section \<open>Containment between 112-avoiding partitions\<close>

lemma list_emb_iff_index:
  "list_emb P xs ys \<longleftrightarrow>
   (\<exists>f. strict_mono_on {..<length xs} f \<and> (\<forall>i<length xs. f i < length ys \<and> P (xs ! i) (ys ! f i)))"
proof
  show "\<exists>f. strict_mono_on {..<length xs} f \<and> (\<forall>i<length xs. f i < length ys \<and> P (xs ! i) (ys ! f i))"
    if "list_emb P xs ys"
    using that
  proof (induction rule: list_emb.induct)
    case (list_emb_Nil ys)
    then show ?case
      by (auto simp: strict_mono_on_def)
  next
    case (list_emb_Cons xs ys y)
    then obtain f where "strict_mono_on {..<length xs} f"
      and "\<forall>i<length xs. f i < length ys \<and> P (xs ! i) (ys ! f i)"
      by blast
    then show ?case
      by (intro exI[of _ "Suc \<circ> f"]) (auto simp: strict_mono_on_def)
  next
    case (list_emb_Cons2 x y xs ys)
    then obtain f where mono: "strict_mono_on {..<length xs} f"
      and f: "\<forall>i<length xs. f i < length ys \<and> P (xs ! i) (ys ! f i)"
      by blast
    let ?g = "\<lambda>i. case i of 0 \<Rightarrow> 0 | Suc j \<Rightarrow> Suc (f j)"
    have "strict_mono_on {..<length (x # xs)} ?g"
      using mono unfolding strict_mono_on_def by (auto split: nat.split)
    moreover have "\<forall>i<length (x # xs). ?g i < length (y # ys) \<and> P ((x # xs) ! i) ((y # ys) ! ?g i)"
      using f list_emb_Cons2.hyps(1) by (auto split: nat.split)
    ultimately show ?case
      by blast
  qed
  show "list_emb P xs ys"
    if "\<exists>f. strict_mono_on {..<length xs} f \<and> (\<forall>i<length xs. f i < length ys \<and> P (xs ! i) (ys ! f i))"
    using that
  proof (induction xs arbitrary: ys)
    case (Cons x xs)
    then obtain f where mono: "strict_mono_on {..<length (x # xs)} f"
      and f: "\<forall>i<length (x # xs). f i < length ys \<and> P ((x # xs) ! i) (ys ! f i)"
      by blast
    let ?m = "f 0"
    have m: "?m < length ys" "P x (ys ! ?m)"
      using f by auto
    have later: "?m < f (Suc i)" if "i < length xs" for i
      using mono that by (auto simp: strict_mono_on_def)
    have "list_emb P xs (drop (Suc ?m) ys)"
    proof (rule Cons.IH, intro exI conjI)
      show "strict_mono_on {..<length xs} (\<lambda>i. f (Suc i) - Suc ?m)"
        using mono later unfolding strict_mono_on_def
        by (auto intro!: diff_less_mono simp: Suc_le_eq)
      show "\<forall>i<length xs. f (Suc i) - Suc ?m < length (drop (Suc ?m) ys) \<and>
              P (xs ! i) (drop (Suc ?m) ys ! (f (Suc i) - Suc ?m))"
      proof (intro allI impI)
        fix i assume i: "i < length xs"
        then have "f (Suc i) < length ys" "P (xs ! i) (ys ! f (Suc i))" "Suc ?m \<le> f (Suc i)"
          using f later[OF i] by auto
        then show "f (Suc i) - Suc ?m < length (drop (Suc ?m) ys) \<and>
            P (xs ! i) (drop (Suc ?m) ys ! (f (Suc i) - Suc ?m))"
          by simp
      qed
    qed
    with m have "list_emb P (x # xs) (take ?m ys @ ys ! ?m # drop (Suc ?m) ys)"
      by (intro list_emb_append2) simp
    then show ?case
      using id_take_nth_drop[OF m(1)] by simp
  qed simp
qed

lemma contains_of_subseq_map:
  assumes "strict_mono h" and "subseq (map h t) w"
  shows "contains w t"
proof -
  obtain f where mono: "strict_mono_on {..<length t} f"
    and f: "\<forall>i<length t. f i < length w \<and> h (t ! i) = w ! f i"
    using assms(2) unfolding list_emb_iff_index by auto
  have "map (\<lambda>i. w ! f i) [0..<length t] = map h t"
    using f by (intro nth_equalityI) auto
  moreover have "order_iso (map h t) t"
    unfolding order_iso_def using assms(1) by (simp add: strict_mono_less)
  ultimately show ?thesis
    unfolding contains_def using mono f by auto
qed

lemma count_list_conv_card: "count_list xs v = card {p. p < length xs \<and> xs ! p = v}"
proof -
  have "count_list xs v = length (filter (\<lambda>x. x = v) xs)"
    by (induction xs) auto
  then show ?thesis
    by (simp add: length_filter_conv_card)
qed

lemma count_list_le_occurrence:
  assumes mono: "strict_mono_on {..<length t} f" and len: "\<forall>i<length t. f i < length w"
    and iso: "order_iso (map (\<lambda>i. w ! f i) [0..<length t]) t" and i: "i < length t"
  shows "count_list t (t ! i) \<le> count_list w (w ! f i)"
  unfolding count_list_conv_card
proof (rule card_inj_on_le)
  show "inj_on f {p. p < length t \<and> t ! p = t ! i}"
    using strict_mono_on_imp_inj_on[OF mono] by (rule inj_on_subset) auto
  show "f ` {p. p < length t \<and> t ! p = t ! i} \<subseteq> {q. q < length w \<and> w ! q = w ! f i}"
    using order_iso_eq_iff[OF iso] len i by auto
qed simp

lemma emb_of_contains_part112:
  assumes "contains (part112 cs) (part112 bs)"
  shows "list_emb (\<le>) bs cs"
proof -
  let ?w = "part112 cs" and ?t = "part112 bs"
  obtain f where mono: "strict_mono_on {..<length ?t} f" and len: "\<forall>i<length ?t. f i < length ?w"
    and iso: "order_iso (map (\<lambda>i. ?w ! f i) [0..<length ?t]) ?t"
    using assms unfolding contains_def by blast
  have bs_t: "i < length ?t" if "i < length bs" for i
    using that by (simp add: length_part112)
  \<comment> \<open>Block \<open>i + 1\<close> of the pattern lands in a block of the text that is at least as large.\<close>
  have block: "\<exists>j. ?w ! f i = Suc j \<and> j < length cs \<and> bs ! i \<le> cs ! j" if i: "i < length bs" for i
  proof -
    have "Suc (bs ! i) \<le> count_list ?w (?w ! f i)"
      using count_list_le_occurrence[OF mono len iso bs_t[OF i]] i
      by (simp add: nth_part112 count_part112)
    moreover have "0 \<notin> set ?w"
      by (simp add: set_part112)
    ultimately show ?thesis
      by (cases "?w ! f i") (auto simp: count_part112 split: if_splits)
  qed
  let ?g = "\<lambda>i. ?w ! f i - 1"
  have "strict_mono_on {..<length bs} ?g"
    unfolding strict_mono_on_def
  proof (intro allI impI)
    fix r s assume rs: "r \<in> {..<length bs} \<and> s \<in> {..<length bs} \<and> r < s"
    then have "?w ! f r < ?w ! f s"
      using order_iso_less_iff[OF iso, of r s] bs_t by (simp add: nth_part112)
    with block[of r] rs show "?g r < ?g s"
      by auto
  qed
  moreover have "\<forall>i<length bs. ?g i < length cs \<and> bs ! i \<le> cs ! ?g i"
    using block by fastforce
  ultimately show ?thesis
    unfolding list_emb_iff_index by blast
qed

lemma subseq_part112_of_emb:
  "list_emb (\<le>) bs cs \<Longrightarrow> \<exists>h. strict_mono h \<and> subseq (map h (part112 bs)) (part112 cs)"
proof (induction rule: list_emb.induct)
  case (list_emb_Nil cs)
  show ?case
    by (rule exI[of _ id]) (simp add: part112_def strict_mono_def)
next
  case (list_emb_Cons bs cs c)
  then obtain h where h: "strict_mono h" "subseq (map h (part112 bs)) (part112 cs)"
    by blast
  have "subseq (map (Suc \<circ> h) (part112 bs)) (part112 (c # cs))"
    using subseq_map[OF h(2), of Suc] by (auto simp: part112_Cons)
  with h(1) show ?case
    by (intro exI[of _ "Suc \<circ> h"]) (simp add: strict_mono_def o_def)
next
  case (list_emb_Cons2 b c bs cs)
  then obtain h where h: "strict_mono h" "subseq (map h (part112 bs)) (part112 cs)"
    by blast
  \<comment> \<open>Keep block 1 in place and shift the image of the remaining blocks up by one.\<close>
  define h' where "h' v = (case v of 0 \<Rightarrow> 0 | Suc 0 \<Rightarrow> 1 | Suc u \<Rightarrow> Suc (h u))" for v
  have "0 < h (Suc 0)"
    using strict_monoD[OF h(1), of 0 "Suc 0"] by simp
  with h(1) have "strict_mono h'"
    unfolding strict_mono_Suc_iff h'_def by (auto simp: strict_mono_less split: nat.split)
  moreover have "map h' (part112 (b # bs)) = 1 # map Suc (map h (part112 bs)) @ replicate b 1"
    using set_part112[of bs] by (auto simp: part112_Cons h'_def split: nat.split)
  moreover have "subseq (replicate b (1::nat)) (replicate c 1)"
    using list_emb_Cons2.hyps(1) replicate_add[of "c - b" b "1::nat"] by (simp add: list_emb_append2)
  then have "subseq (1 # map Suc (map h (part112 bs)) @ replicate b 1) (part112 (c # cs))"
    unfolding part112_Cons using subseq_map[OF h(2), of Suc]
    by (intro list_emb.intros(3) list_emb_append_mono) simp_all
  ultimately show ?case
    by metis
qed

> **Exercise goal**: Please provide nothing but the number of lines in the records that hold the string "unfolding".

> **Reply**: 11